**Work item:** Wherever a line of the listing holds the string "subseteq", copy that line.

**Source records:**
(* Fix $0<p<1$, let $q=p^2+(1-p)^2$, $\phi=1_C$, $h^{(p)}_\varnothing=(1-p)1_{C_0}-p\,1_{C_2}$, and $e_\varnothing=h^{(p)}_\varnothing/\sqrt{p(1-p)}$. In the orthonormal basis $\{\phi,e_\varnothing\}$, the compression of $K_\infty$ to $\mathrm{span}\{\phi,e_\varnothing\}$ has matrix $$M(p)=\begin{pmatrix}\frac1{1-q}&\frac{(2p-1)\sqrt{p(1-p)}}{1-q}\\ \frac{(2p-1)\sqrt{p(1-p)}}{1-q}&1\end{pmatrix}.$$ In particular $\lambda_{\max}(K_\infty)\ge\lambda_{\max}(M(p))$, where $$\lambda_{\max}(M(p))=\frac12\Big(\frac1{1-q}+1\Big)+\frac12\sqrt{\Big(\frac1{1-q}-1\Big)^2+\frac{4(2p-1)^2p(1-p)}{(1-q)^2}}.$$
   Context: Let $S_0(x)=x/3$, $S_2(x)=(x+2)/3$ on $[0,1]$ and let $C$ be the middle-third Cantor set. For $0<p<1$, $\mu_p$ is the unique Borel probability measure on $[0,1]$ with $\mu_p=p\,\mu_p\circ S_0^{-1}+(1-p)\,\mu_p\circ S_2^{-1}$. For words $w\in\{0,2\}^n$, $S_w=S_{w_1}\circ\cdots\circ S_{w_n}$, $C_w=S_w(C)$ (so $C_0=S_0(C)$, $C_2=S_2(C)$). Inner product $\langle f,g\rangle=\int\overline fg\,d\mu_p$. $K_mf=\sum_{|u|\le m}\langle1_{C_u},f\rangle1_{C_u}$, and $K_\infty=\lim_{m\to\infty}K_m$ in operator norm (this limit exists and is compact positive self-adjoint). $\lambda_{\max}(T)$ denotes the largest eigenvalue of a compact positive self-adjoint operator (or symmetric matrix) $T$. *)

theory Defs
  imports "HOL-Analysis.Analysis" "HOL-Probability.Probability"
begin

definition Sd :: "nat \<Rightarrow> real \<Rightarrow> real" where
  "Sd d x = (x + real d) / 3"

definition Sw :: "nat list \<Rightarrow> real \<Rightarrow> real" where
  "Sw w = foldr (\<lambda>d g. Sd d \<circ> g) w id"

definition words_eq :: "nat \<Rightarrow> nat list set" where
  "words_eq n = {w. length w = n \<and> set w \<subseteq> {0, 2}}"

definition words_le :: "nat \<Rightarrow> nat list set" where
  "words_le m = {w. length w \<le> m \<and> set w \<subseteq> {0, 2}}"

definition cantor :: "real set" where
  "cantor = (\<Inter>n. \<Union>w\<in>words_eq n. Sw w ` {0..1})"

definition Cw :: "nat list \<Rightarrow> real set" where
  "Cw w = Sw w ` cantor"

definition mu :: "real \<Rightarrow> real measure" where
  "mu p = (THE M. sets M = sets borel \<and> prob_space M \<and> emeasure M {0..1} = 1 \<and>
      (\<forall>A\<in>sets borel. emeasure M A =
          ennreal p * emeasure M (Sd 0 -` A) + ennreal (1 - p) * emeasure M (Sd 2 -` A)))"

definition inner_mu :: "real \<Rightarrow> (real \<Rightarrow> complex) \<Rightarrow> (real \<Rightarrow> complex) \<Rightarrow> complex" where
  "inner_mu p f g = (\<integral>x. cnj (f x) * g x \<partial>mu p)"

definition L2 :: "real \<Rightarrow> (real \<Rightarrow> complex) \<Rightarrow> bool" where
  "L2 p f \<longleftrightarrow> f \<in> borel_measurable (mu p) \<and> integrable (mu p) (\<lambda>x. (cmod (f x))\<^sup>2)"

definition L2norm :: "real \<Rightarrow> (real \<Rightarrow> complex) \<Rightarrow> real" where
  "L2norm p f = sqrt (\<integral>x. (cmod (f x))\<^sup>2 \<partial>mu p)"

definition ind :: "real set \<Rightarrow> real \<Rightarrow> complex" where
  "ind A = indicator A"

definition Km :: "real \<Rightarrow> nat \<Rightarrow> (real \<Rightarrow> complex) \<Rightarrow> (real \<Rightarrow> complex)" where
  "Km p m f = (\<lambda>x. \<Sum>u\<in>words_le m. inner_mu p (ind (Cw u)) f * ind (Cw u) x)"

definition is_K_inf :: "real \<Rightarrow> ((real \<Rightarrow> complex) \<Rightarrow> (real \<Rightarrow> complex)) \<Rightarrow> bool" where
  "is_K_inf p T \<longleftrightarrow> (\<forall>f. L2 p f \<longrightarrow> L2 p (T f)) \<and>
     (\<forall>\<epsilon>>0. \<exists>N. \<forall>m\<ge>N. \<forall>f. L2 p f \<longrightarrow>
        L2norm p (\<lambda>x. Km p m f x - T f x) \<le> \<epsilon> * L2norm p f)"

definition K_inf :: "real \<Rightarrow> (real \<Rightarrow> complex) \<Rightarrow> (real \<Rightarrow> complex)" where
  "K_inf p = (SOME T. is_K_inf p T)"

definition lam_max_op :: "real \<Rightarrow> ((real \<Rightarrow> complex) \<Rightarrow> (real \<Rightarrow> complex)) \<Rightarrow> real" where
  "lam_max_op p T = (GREATEST l::real. \<exists>f. L2 p f \<and> L2norm p f \<noteq> 0 \<and>
        (AE x in mu p. T f x = complex_of_real l * f x))"

definition lam_max_mat :: "real^2^2 \<Rightarrow> real" where
  "lam_max_mat M = (GREATEST l::real. \<exists>v::real^2. v \<noteq> 0 \<and> M *v v = l *\<^sub>R v)"

definition Mp :: "real \<Rightarrow> real^2^2" where
  "Mp p = (let q = p\<^sup>2 + (1 - p)\<^sup>2 in
     (\<chi> i j. if i = 1 \<and> j = 1 then 1 / (1 - q)
             else if i = 2 \<and> j = 2 then 1
             else (2 * p - 1) * sqrt (p * (1 - p)) / (1 - q)))"

end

**Response to this exercise:**
  "words_eq n = {w. length w = n \<and> set w \<subseteq> {0, 2}}"
  "words_le m = {w. length w \<le> m \<and> set w \<subseteq> {0, 2}}"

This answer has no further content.